The solution should looks pretty good.  Of course, we had to play with the `patience` parameter.

# Dropout
Remind them what it is.

In [None]:
from keras.callbacks import EarlyStopping
from keras.constraints import maxnorm

num_layers = 5
N = 100

input_dim = 1

model = models.Sequential()

model.add(layers.Dense(N, input_dim=input_dim, activation='relu'))
#model.add(layers.Dropout(1.0))

# Create hidden layers
for h in range(num_layers):
    model.add(layers.Dense(N, activation='relu', kernel_constraint=maxnorm(3)))
    model.add(layers.Dropout(0.5))

model.add(layers.Dense(1, activation='linear'))

# Compile model
model.compile(loss='mean_squared_error', optimizer='adam')

# Fit model
no_reg_dropout = model.fit(X_train, Y_train, epochs=250, batch_size=64, validation_split=0.2)

In [None]:
y_pred_dropout = model.predict(X_range)

fig, ax = plt.subplots(1, 1, figsize=(10,8))
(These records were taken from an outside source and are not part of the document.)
(* Let $A,B\in\mathbb{R}^{N\times N}$ and $T>0$, and assume that $1$ is not an eigenvalue of $e^{T(A+B)}$ (i.e. $1$ is not a Floquet multiplier of $u'(t)=(A+B)u(t)$). Then there exists $\tau_0>0$ such that for every $\tau\in(0,\tau_0)$ the delayed system $u'(t)=Au(t)+Bu(t-\tau)$ has no nontrivial $T$-periodic solutions. *)

theory Defs
  imports "HOL-Analysis.Analysis"
begin

primrec mat_pow :: "real^'n^'n \<Rightarrow> nat \<Rightarrow> real^'n^'n" where
  "mat_pow M 0 = mat 1"
| "mat_pow M (Suc k) = M ** mat_pow M k"

definition mat_exp :: "real^'n^'n \<Rightarrow> real^'n^'n" where
  "mat_exp M = (\<Sum>k. (1 / fact k) *\<^sub>R mat_pow M k)"

definition is_eigenvalue :: "real^'n^'n \<Rightarrow> real \<Rightarrow> bool" where
  "is_eigenvalue M c \<longleftrightarrow> (\<exists>v. v \<noteq> 0 \<and> M *v v = c *\<^sub>R v)"

definition delay_solution :: "real^'n^'n \<Rightarrow> real^'n^'n \<Rightarrow> real \<Rightarrow> (real \<Rightarrow> real^'n) \<Rightarrow> bool" where
  "delay_solution A B \<tau> u \<longleftrightarrow>
     (\<forall>t. (u has_vector_derivative (A *v u t + B *v u (t - \<tau>))) (at t))"

definition periodic_with :: "real \<Rightarrow> (real \<Rightarrow> 'a) \<Rightarrow> bool" where
  "periodic_with T u \<longleftrightarrow> (\<forall>t. u (t + T) = u t)"

end

theory Submission
  imports Defs
begin

text \<open>Write \<open>C = A + B\<close>. A \<open>T\<close>-periodic solution \<open>u\<close> of the delay equation solves
  \<open>u' = C u + g\<close> with \<open>g s = B (u (s - \<tau>) - u s)\<close>, and \<open>|g| \<le> |B| (|A| + |B|) \<tau> sup |u|\<close>
  because \<open>|u'| \<le> (|A| + |B|) sup |u|\<close>. The function \<open>exp (- s C) (u s)\<close> has derivative
  \<open>exp (- s C) (g s)\<close>, so by the mean value inequality and periodicity
  \<open>|(exp (- T C) - I) (u 0)| \<le> T exp (T |C|) sup |g|\<close>. Since \<open>1\<close> is not an eigenvalue of
  \<open>exp (T C)\<close>, the map \<open>exp (- T C) - I\<close> is invertible, hence \<open>|u 0| \<le> c \<tau> sup |u|\<close>. By
  translation the same bound holds at every time, which forces \<open>u = 0\<close> once \<open>c \<tau> < 1\<close>.\<close>

text \<open>On \<open>real^'n^'n\<close> the product \<open>*\<close> is componentwise, so the library exponential is not the
  matrix exponential there. The type \<open>'n endo\<close> is a copy of the bounded operators on \<open>real^'n\<close>
  with composition as product, which makes it a Banach algebra.\<close>

typedef (overloaded) ('n::finite) endo = "UNIV :: ((real^'n) \<Rightarrow>\<^sub>L (real^'n)) set"
  morphisms endo_blinfun Endo ..

setup_lifting type_definition_endo

instantiation endo :: (finite) real_normed_vector
begin
lift_definition zero_endo :: "'a endo" is 0 .
lift_definition plus_endo :: "'a endo \<Rightarrow> 'a endo \<Rightarrow> 'a endo" is "(+)" .
lift_definition minus_endo :: "'a endo \<Rightarrow> 'a endo \<Rightarrow> 'a endo" is "(-)" .
lift_definition uminus_endo :: "'a endo \<Rightarrow> 'a endo" is uminus .
lift_definition scaleR_endo :: "real \<Rightarrow> 'a endo \<Rightarrow> 'a endo" is scaleR .
lift_definition norm_endo :: "'a endo \<Rightarrow> real" is norm .
definition dist_endo :: "'a endo \<Rightarrow> 'a endo \<Rightarrow> real" where "dist_endo a b = norm (a - b)"
definition sgn_endo :: "'a endo \<Rightarrow> 'a endo" where "sgn_endo x = scaleR (inverse (norm x)) x"
definition uniformity_endo :: "('a endo \<times> 'a endo) filter" where
  "uniformity_endo = (INF e\<in>{0 <..}. principal {(x, y). dist x y < e})"
definition open_endo :: "'a endo set \<Rightarrow> bool"
  where "open_endo S = (\<forall>x\<in>S. \<forall>\<^sub>F (x', y) in uniformity. x' = x \<longrightarrow> y \<in> S)"
instance
  apply standard
  apply (unfold dist_endo_def open_endo_def sgn_endo_def uniformity_endo_def)
  apply (transfer; simp add: algebra_simps norm_triangle_ineq)+
  done
end

instantiation endo :: (finite) real_normed_algebra_1
begin
lift_definition times_endo :: "'a endo \<Rightarrow> 'a endo \<Rightarrow> 'a endo" is "(o\<^sub>L)" .
lift_definition one_endo :: "'a endo" is id_blinfun .
instance
proof
  have "blinfun_apply id_blinfun (1::real^'a) \<noteq> blinfun_apply 0 1" by (simp add: vec_eq_iff)
  then show "(0::'a endo) \<noteq> 1"
    by (metis endo_blinfun_inject zero_endo.rep_eq one_endo.rep_eq)
qed (transfer; auto intro: blinfun_eqI simp: norm_blinfun_compose blinfun.bilinear_simps)+
end

instance endo :: (finite) banach
proof
  fix X :: "nat \<Rightarrow> 'a endo" assume "Cauchy X"
  hence "Cauchy (\<lambda>n. endo_blinfun (X n))"
    by (simp add: Cauchy_def dist_endo_def dist_norm norm_endo.rep_eq minus_endo.rep_eq)
  then obtain L where "(\<lambda>n. endo_blinfun (X n)) \<longlonglongrightarrow> L"
    by (auto simp: Cauchy_convergent_iff convergent_def)
  hence "X \<longlonglongrightarrow> Endo L"
    by (simp add: LIMSEQ_def dist_endo_def dist_norm norm_endo.rep_eq minus_endo.rep_eq Endo_inverse)
  thus "convergent X" by (auto simp: convergent_def)
qed

lift_definition endo_apply :: "'n::finite endo \<Rightarrow> real^'n \<Rightarrow> real^'n" is blinfun_apply .

interpretation endo_apply: bounded_bilinear endo_apply
proof
  show "\<exists>K. \<forall>X v. norm (endo_apply X v) \<le> norm X * norm v * K"
    by (rule exI[of _ 1]) (transfer, simp add: norm_blinfun)
qed (transfer, simp add: blinfun.bilinear_simps)+

lemma endo_eqI: "(\<And>v. endo_apply X v = endo_apply Y v) \<Longrightarrow> X = Y"
  by transfer (rule blinfun_eqI)

lemma endo_apply_mult [simp]: "endo_apply (X * Y) v = endo_apply X (endo_apply Y v)"
  by transfer simp

lemma endo_apply_one [simp]: "endo_apply 1 v = v"
  by transfer simp

lemma norm_endo_apply_le: "norm (endo_apply X v) \<le> norm X * norm v"
  by transfer (rule norm_blinfun)

lift_definition endo_of_matrix :: "real^'n^'n \<Rightarrow> 'n::finite endo" is "\<lambda>M. Blinfun ((*v) M)" .

lemma endo_apply_endo_of_matrix [simp]: "endo_apply (endo_of_matrix M) v = M *v v"
  by transfer (simp add: bounded_linear_Blinfun_apply)

lemma endo_of_matrix_mult: "endo_of_matrix (M ** N) = endo_of_matrix M * endo_of_matrix N"
  by (auto intro!: endo_eqI simp: matrix_vector_mul_assoc[symmetric])

lemma endo_of_matrix_one: "endo_of_matrix (mat 1) = 1"
  by (auto intro!: endo_eqI)

lemma endo_of_matrix_mat_pow: "endo_of_matrix (mat_pow M k) = endo_of_matrix M ^ k"
  by (induction k) (simp_all add: endo_of_matrix_mult endo_of_matrix_one)

lemma endo_of_matrix_scaleR: "endo_of_matrix (r *\<^sub>R M) = r *\<^sub>R endo_of_matrix M"
  by (auto intro!: endo_eqI simp: scaleR_matrix_vector_assoc endo_apply.scaleR_left)

lemma mat_exp_eq_matrix_endo_exp: "mat_exp M = matrix (endo_apply (exp (endo_of_matrix M)))"
proof -
  let ?X = "endo_of_matrix M"
  have "(\<lambda>k. ?X ^ k /\<^sub>R fact k) sums exp ?X"
    unfolding exp_def by (rule summable_exp_generic[THEN summable_sums])
  then have "(\<lambda>k. endo_apply (?X ^ k /\<^sub>R fact k) (axis j 1) $ i) sums (endo_apply (exp ?X) (axis j 1) $ i)"
    for i j by (rule bounded_linear.sums[OF bounded_linear_compose[OF bounded_linear_vec_nth
        endo_apply.bounded_linear_left]])
  moreover have "endo_apply (?X ^ k /\<^sub>R fact k) (axis j 1) $ i = ((1 / fact k) *\<^sub>R mat_pow M k) $ i $ j"
    for i j k by (simp add: endo_of_matrix_mat_pow[symmetric] endo_apply.scaleR_left
        matrix_vector_mult_def axis_def if_distrib divide_inverse mult.commute cong: if_cong)
  ultimately have "(\<lambda>k. (1 / fact k) *\<^sub>R mat_pow M k) sums matrix (endo_apply (exp ?X))"
    unfolding sums_def by (intro vec_tendstoI) (simp add: matrix_def)
  then show ?thesis
    unfolding mat_exp_def by (rule sums_unique[symmetric])
qed

lemma mat_exp_mult_vector: "mat_exp M *v v = endo_apply (exp (endo_of_matrix M)) v"
  by (simp add: mat_exp_eq_matrix_endo_exp matrix_works bounded_linear.linear[OF endo_apply.bounded_linear_right])

lemma norm_diff_le_of_vector_derivative_bound:
  fixes f :: "real \<Rightarrow> 'a::real_normed_vector"
  assumes "a \<le> b"
    and deriv: "\<And>x. x \<in> {a..b} \<Longrightarrow> (f has_vector_derivative f' x) (at x)"
    and bound: "\<And>x. x \<in> {a..b} \<Longrightarrow> norm (f' x) \<le> K"
  shows "norm (f b - f a) \<le> K * (b - a)"
proof -
  have "norm (f b - f a) \<le> K * norm (b - a)"
  proof (rule differentiable_bound[of "{a..b}" f "\<lambda>x h. h *\<^sub>R f' x"])
    show "(f has_derivative (\<lambda>h. h *\<^sub>R f' x)) (at x within {a..b})" if "x \<in> {a..b}" for x
      using deriv[OF that] unfolding has_vector_derivative_def by (rule has_derivative_at_withinI)
    show "onorm (\<lambda>h. h *\<^sub>R f' x) \<le> K" if "x \<in> {a..b}" for x
    proof (rule onorm_le)
      show "norm (h *\<^sub>R f' x) \<le> K * norm h" for h
        using mult_left_mono[OF bound[OF that], of "\<bar>h\<bar>"] by (simp add: mult.commute)
    qed
  qed (use assms(1) in auto)
  then show ?thesis
    using assms(1) by simp
qed

lemma has_vector_derivative_exp_minus_apply:
  assumes "(u has_vector_derivative endo_apply C (u s) + g) (at s)"
  shows "((\<lambda>s. endo_apply (exp (- (s *\<^sub>R C))) (u s)) has_vector_derivative
           endo_apply (exp (- (s *\<^sub>R C))) g) (at s)"
proof -
  have "((\<lambda>s. exp (s *\<^sub>R - C)) has_vector_derivative exp (s *\<^sub>R - C) * - C) (at s)"
    by (rule exp_scaleR_has_vector_derivative_right)
  from endo_apply.FDERIV[OF this[unfolded has_vector_derivative_def]
      assms[unfolded has_vector_derivative_def]]
  show ?thesis
    by (simp add: has_vector_derivative_def endo_apply.bilinear_simps algebra_simps)
qed

lemma exp_minus_apply_diff_le:
  assumes "T \<ge> 0"
    and deriv: "\<And>s. (u has_vector_derivative endo_apply C (u s) + g s) (at s)"
    and bound: "\<And>s. s \<in> {0..T} \<Longrightarrow> norm (g s) \<le> G"
  shows "norm (endo_apply (exp (- (T *\<^sub>R C))) (u T) - u 0) \<le> exp (T * norm C) * G * T"
proof -
  have "norm (endo_apply (exp (- (s *\<^sub>R C))) (g s)) \<le> exp (T * norm C) * G" if "s \<in> {0..T}" for s
  proof -
    have "norm (exp (- (s *\<^sub>R C))) \<le> exp (s * norm C)"
      using norm_exp[of "- (s *\<^sub>R C)"] that by simp
    also have "\<dots> \<le> exp (T * norm C)"
      using that by (simp add: mult_right_mono)
    finally have "norm (exp (- (s *\<^sub>R C))) \<le> exp (T * norm C)" .
    then show ?thesis
      using norm_endo_apply_le[of "exp (- (s *\<^sub>R C))" "g s"] bound[OF that]
      by (smt (verit) mult_mono norm_ge_zero)
  qed
  from norm_diff_le_of_vector_derivative_bound[OF assms(1)
      has_vector_derivative_exp_minus_apply[OF deriv] this]
  show ?thesis
    by simp
qed

lemma exp_minus_sub_id_bounded_below:
  assumes "\<not> is_eigenvalue (mat_exp M) 1"
  obtains K where "K > 0" "\<And>v. K * norm v \<le> norm (endo_apply (exp (- endo_of_matrix M)) v - v)"
proof -
  let ?E = "exp (endo_of_matrix M)"
  have fixed_zero: "v = 0" if "endo_apply (exp (- endo_of_matrix M)) v = v" for v
  proof -
    have "mat_exp M *v v = endo_apply (?E * exp (- endo_of_matrix M)) v"
      using that by (simp add: mat_exp_mult_vector)
    then have "mat_exp M *v v = 1 *\<^sub>R v"
      by (simp add: exp_minus_inverse)
    then show ?thesis
      using assms unfolding is_eigenvalue_def by blast
  qed
  have "linear (\<lambda>v. endo_apply (exp (- endo_of_matrix M)) v - v)"
    by (intro linear_compose_sub bounded_linear.linear[OF endo_apply.bounded_linear_right] linear_ident)
  moreover have "inj (\<lambda>v. endo_apply (exp (- endo_of_matrix M)) v - v)"
    by (rule injI) (rule fixed_zero[THEN eq_iff_diff_eq_0[THEN iffD2], symmetric, simplified],
        simp add: endo_apply.diff_right algebra_simps)
  ultimately show ?thesis
    using linear_inj_bounded_below_pos that by blast
qed

lemma periodic_with_add_int_mult:
  assumes "periodic_with T u"
  shows "u (t + of_int n * T) = u t"
proof (induction n rule: int_induct[where k = 0])
  case (step1 i)
  have "u (t + of_int (i + 1) * T) = u ((t + of_int i * T) + T)"
    by (simp add: algebra_simps)
  with step1 assms show ?case
    unfolding periodic_with_def by simp
next
  case (step2 i)
  have "u (t + of_int (i - 1) * T) = u ((t + of_int (i - 1) * T) + T)"
    using assms unfolding periodic_with_def by simp
  also have "\<dots> = u (t + of_int i * T)"
    by (simp add: algebra_simps)
  finally show ?case
    using step2 by simp
qed simp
ax.plot(X_true, Y_true, color='k', ls='-.', lw=4, label='True function')
ax.plot(X_train, Y_train, '.', label='Training data')
ax.plot(X_test, Y_test, ls='', marker='^',  ms=12, label='Test data')
ax.plot(X_range, y_pred, lw=4, color='r', label='Prediction')
ax.plot(X_range, y_pred_ES, lw=4, ls='--', color='b', label=r'Early Stopping')
ax.plot(X_range, y_pred_dropout, lw=4, ls=':', color='m', label=r'Dropout')

ax.set_xlabel(r'$X$', fontsize=20)
ax.set_ylabel(r'$Y$', fontsize=20)
ax.tick_params(labelsize=20)

ax.legend(loc=3, ncol=2, fontsize=20)

plt.show()

In [None]:
L = no_reg_dropout.history['loss']
L_val = no_reg_dropout.history['val_loss']


fig, ax = plt.subplots(1,1, figsize=(10,6))

ax.plot(L, label='Training Loss')
ax.plot(L_val, label='Validation Loss')

ax.set_xscale('log')
ax.set_yscale('log')

ax.set_xlabel(r'Epochs', fontsize=20)
ax.set_ylabel(r'Loss', fontsize=20)
ax.tick_params(labelsize=20)

ax.legend(loc=1, fontsize=20)

plt.show()

# Extra: `GPU` on `AWS`
Have them redo the calculations on `AWS` using a `GPU` instance.